Here we illustrate with the problem of finding all intersection points of \(e^x = x^4\) over the interval \([0,10]\). That is, for the function \(f(x) = e^x - x^4\) find the zeroes.
A quick plot shows, that the function has such a wide range, that looking over the entire domain at once will be problematic:
julia> f(x) = exp(x) - x^4
julia> plot(f, 0, 10)
Instead, we look between \([0,3]\) and \([8,9]\). A quick confirmation shows these are good choices to use. For example, between \(8\) and \(9\) we have:
julia> plot([f, x->0], 8, 9) ## plot f and the line y=0
So we find the values of the zero in the bracketed region \([8,9]\):
julia> bisection_method(f, 8, 9)
8.61316945643921
The root within \([0, 3]\) is found with:
julia> bisection_method(f, 0, 3)
1.4296118253841996
There is another root in the interval \([-10, 0]\) for the function \(f(x) = e^x - x^4\). Find its value:
Let b=
37 and \(f(x) = x^2 - b \cdot x \cdot \log(x)\). This
function has two zeroes on the positive \(x\) axis. You are asked to
find the largest (graph and bracket…):
Use the bisection method to find the root of
\[ g(x) = \tan(\theta) x + \frac{32/k}{200 \cos\theta} x - \frac{32}{k} \log\left(\frac{200 \cos\theta}{200\cos\theta - x}\right). \]
for \(\theta = \pi/4\) and \(k=½\).

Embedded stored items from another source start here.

(* Let $L$ be a finite-dimensional real vector space with the structures described in the context ($[\cdot,\cdot]$, $\omega$, $M$, $N$, $Q$, $q$, $J$, $g$, $\{\cdot,\cdot\}$, $j$, $\mu_Q$, $\mu_L$, $\nu_L$, $\alpha$, $B$, $\mathcal{H}^{\mathrm{S}}$, $\mathcal{H}^{\mathrm{H}}$, $K^{\mathrm{H}}_\tau$, $\mathcal{H}^{\mathrm{H,c}}$). Then there exist a linear subspace $\mathcal{H}^{\mathrm{S,c}}\subseteq\mathcal{H}^{\mathrm{S}}$ and an isometric linear isomorphism $\mathcal{B}:\mathcal{H}^{\mathrm{S,c}}\to\mathcal{H}^{\mathrm{H,c}}$ such that \begin{align*} (\mathcal{B}\psi)(\xi)&=\int_Q \psi(\phi)\,B(\xi,\phi)\,\mathrm{d}\mu_Q(\phi) &&\forall\psi\in\mathcal{H}^{\mathrm{S,c}},\\ (\mathcal{B}^{-1}\psi)(\phi)&=\int_L \psi(\xi)\,\overline{B(\xi,\phi)}\,\mathrm{d}\nu_L(\xi) &&\forall\psi\in\mathcal{H}^{\mathrm{H,c}},\\ \langle\psi',\mathcal{B}\psi\rangle^{\mathrm{H}}&=\int_L\overline{\psi'(\xi)}\,\psi(q(\xi))\,\overline{\alpha(\xi)}\,\mathrm{d}\mu_L(\xi) &&\forall\psi'\in\mathcal{H}^{\mathrm{H,c}},\ \forall\psi\in\mathcal{H}^{\mathrm{S,c}},\\ \langle\psi',\mathcal{B}^{-1}\psi\rangle^{\mathrm{S}}&=\int_L\overline{\psi'(q(\xi))}\,\psi(\xi)\,\alpha(\xi)\,\mathrm{d}\mu_L(\xi) &&\forall\psi'\in\mathcal{H}^{\mathrm{S,c}},\ \forall\psi\in\mathcal{H}^{\mathrm{H,c}}. \end{align*} Moreover, for every $\tau\in L$, $(\mathcal{B}^{-1}K^{\mathrm{H}}_\tau)(\phi)=\overline{B(\tau,\phi)}$ for all $\phi\in Q$.
   Context: $L$ is a finite-dimensional real vector space and $[\cdot,\cdot]:L\times L\to\mathbb{R}$ is a bilinear form such that $\omega(\xi,\xi')=\frac12[\xi,\xi']-\frac12[\xi',\xi]$ is non-degenerate. Set $M=\{\tau\in L:[\xi,\tau]=0\ \forall\xi\in L\}$ and $N=\{\tau\in L:[\tau,\xi]=0\ \forall\xi\in L\}$, and assume $L=M\oplus N$. Let $Q=L/M$ with quotient map $q:L\to Q$; $[\cdot,\cdot]$ descends to a map $L\times Q\to\mathbb{R}$, still denoted $[\cdot,\cdot]$. $J:L\to L$ is a linear map with $J^2=-\mathrm{id}$ and $\omega(J\cdot,J\cdot)=\omega$, such that $g(\tau,\xi):=2\omega(\tau,J\xi)$ is positive definite; $\{\tau,\xi\}:=g(\tau,\xi)+2\mathrm{i}\,\omega(\tau,\xi)$ (a complex inner product on $L$, with multiplication by $\mathrm{i}$ given by $J$). $Q$ carries the quotient norm induced by $g$, and $j:Q\to L$ is the unique linear map with $q\circ j=\mathrm{id}_Q$ and $j(Q)\subseteq JM$. $\mu_Q$ is the Lebesgue measure on $Q$ normalized by $\int_Q\exp(-g(j(\phi),j(\phi)))\,\mathrm{d}\mu_Q(\phi)=1$, and $\mathcal{H}^{\mathrm{S}}=\mathrm{L}^2(Q,\mu_Q)$ with inner product $\langle\cdot,\cdot\rangle^{\mathrm{S}}$ (antilinear in the first argument). $\mu_L$ is the Lebesgue measure on $L$ normalized by $\int_L\exp(-\frac12 g(\xi,\xi))\,\mathrm{d}\mu_L(\xi)=1$, $\mathrm{d}\nu_L:=\exp(-\frac12 g(\xi,\xi))\,\mathrm{d}\mu_L$, and $\mathcal{H}^{\mathrm{H}}$ is the Hilbert space of functions on $L$ that are holomorphic (with respect to the complex structure $J$) and square-integrable with respect to $\nu_L$, with inner product $\langle\cdot,\cdot\rangle^{\mathrm{H}}$. For $\tau\in L$, $K^{\mathrm{H}}_\tau(\xi)=\exp(\frac12\{\tau,\xi\})$, and $\mathcal{H}^{\mathrm{H,c}}$ is the linear span of $\{K^{\mathrm{H}}_\tau:\tau\in L\}$. Further, $\alpha(\xi)=\exp(\frac{\mathrm{i}}{2}[\xi,\xi]-\frac14 g(\xi,\xi))$ and $B:L\times Q\to\mathbb{C}$ is $$B(\xi,\phi)=\exp\Big(\{j(\phi),\xi\}-\tfrac{\mathrm{i}}{2}[j(\phi),j(\phi)]-\tfrac12 g(j(\phi),j(\phi))+\tfrac14 g(\xi,\xi)-\tfrac12\{j(q(\xi)),\xi\}\Big).$$ *)

theory Defs
  imports "HOL-Analysis.Analysis"
begin

definition omega :: "('l \<Rightarrow> 'l \<Rightarrow> real) \<Rightarrow> 'l \<Rightarrow> 'l \<Rightarrow> real" where
  "omega br x y = br x y / 2 - br y x / 2"

definition Mspace :: "('l \<Rightarrow> 'l \<Rightarrow> real) \<Rightarrow> 'l set" where
  "Mspace br = {\<tau>. \<forall>\<xi>. br \<xi> \<tau> = 0}"

definition Nspace :: "('l \<Rightarrow> 'l \<Rightarrow> real) \<Rightarrow> 'l set" where
  "Nspace br = {\<tau>. \<forall>\<xi>. br \<tau> \<xi> = 0}"

definition gform :: "('l \<Rightarrow> 'l \<Rightarrow> real) \<Rightarrow> ('l \<Rightarrow> 'l) \<Rightarrow> 'l \<Rightarrow> 'l \<Rightarrow> real" where
  "gform br J x y = 2 * omega br x (J y)"

definition cinner :: "('l \<Rightarrow> 'l \<Rightarrow> real) \<Rightarrow> ('l \<Rightarrow> 'l) \<Rightarrow> 'l \<Rightarrow> 'l \<Rightarrow> complex" where
  "cinner br J x y = complex_of_real (gform br J x y) + 2 * \<i> * complex_of_real (omega br x y)"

If \(a = 200 \cos\theta\) use the values \(a/2\) and \(a-1\) to bracket the root.
One can speed the bisection method up by choosing the midpoint more carefully. The following function implements “Ridder's method” for picking the midpoint.

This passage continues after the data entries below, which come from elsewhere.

(* If the extremal function $F_n$ is not constant, then its degree satisfies $\deg F_n\ge\lceil\frac{n+1}{2}\rceil$.
   Context: Let $\mathsf E\subset\overline{\mathbb R}$ be compact, proper, with infinitely many points. Divisors are finitely supported $D:\overline{\mathbb C}\to\mathbb Z$; for rational $f$, $(f)_\infty$ is the polar divisor ($0$ for constants) and $\deg f=\deg(f)_\infty$; $\mathcal L(D)=\{f\text{ rational}:(f)_\infty\le D\}$. For $\mathbf c\in\overline{\mathbb R}$, $r(z,\mathbf c)=1/(\mathbf c-z)$ if $\mathbf c\neq\infty$, $r(z,\infty)=z$. Fix $n\ge1$, an integral divisor $D_n^\infty$ of degree $n$ supported in $\overline{\mathbb R}\setminus\mathsf E$, and $x_*\in\overline{\mathbb R}\setminus\mathsf E$, $d_n=D_n^\infty(x_* )$. $F_n$ is the unique maximizer of $\Re\lim_{x\to x_*}F(x)/r(x,x_* )^{d_n}$ over $F\in\mathcal L(D_n^\infty)$ with $\sup_{\mathsf E}|F|\le1$. *)

theory Defs
  imports "HOL-Analysis.Analysis" "HOL-Computational_Algebra.Polynomial"
begin

text \<open>Points of the Riemann sphere: \<open>Some z\<close> for \<open>z \<in> \<complex>\<close>, \<open>None\<close> for \<open>\<infinity>\<close>.\<close>
type_synonym csphere = "complex option"

definition ext_reals :: "csphere set" where
  "ext_reals = insert None (Some ` \<real>)"

text \<open>Cayley transform: a homeomorphism from the extended real line (with its
  one-point-compactification topology) onto the unit circle; used to express
  compactness of subsets of the extended real line.\<close>
definition cayley :: "csphere \<Rightarrow> complex" where
  "cayley x = (case x of None \<Rightarrow> 1 | Some z \<Rightarrow> (z - \<i>) / (z + \<i>))"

julia> function update_mid(a, b)
c = (a + b)/2
discr = f(c)^2 - f(a)*f(b)
c + (c - a) * sign(f(a) - f(b)) * f(c) / sqrt(discr)
end
Replace the update_mid
function in the bisection method and give it
a new name, say ridder
.
It takes 25 steps to do the bisection method for the function \(f(x) = \sin(x) - \cos^2(x)\)
julia> bisection_method( x -> sin(x) - cos(x)^2, 0, pi/2)
0.6662394364838946
How many steps does it take with Ridder's method?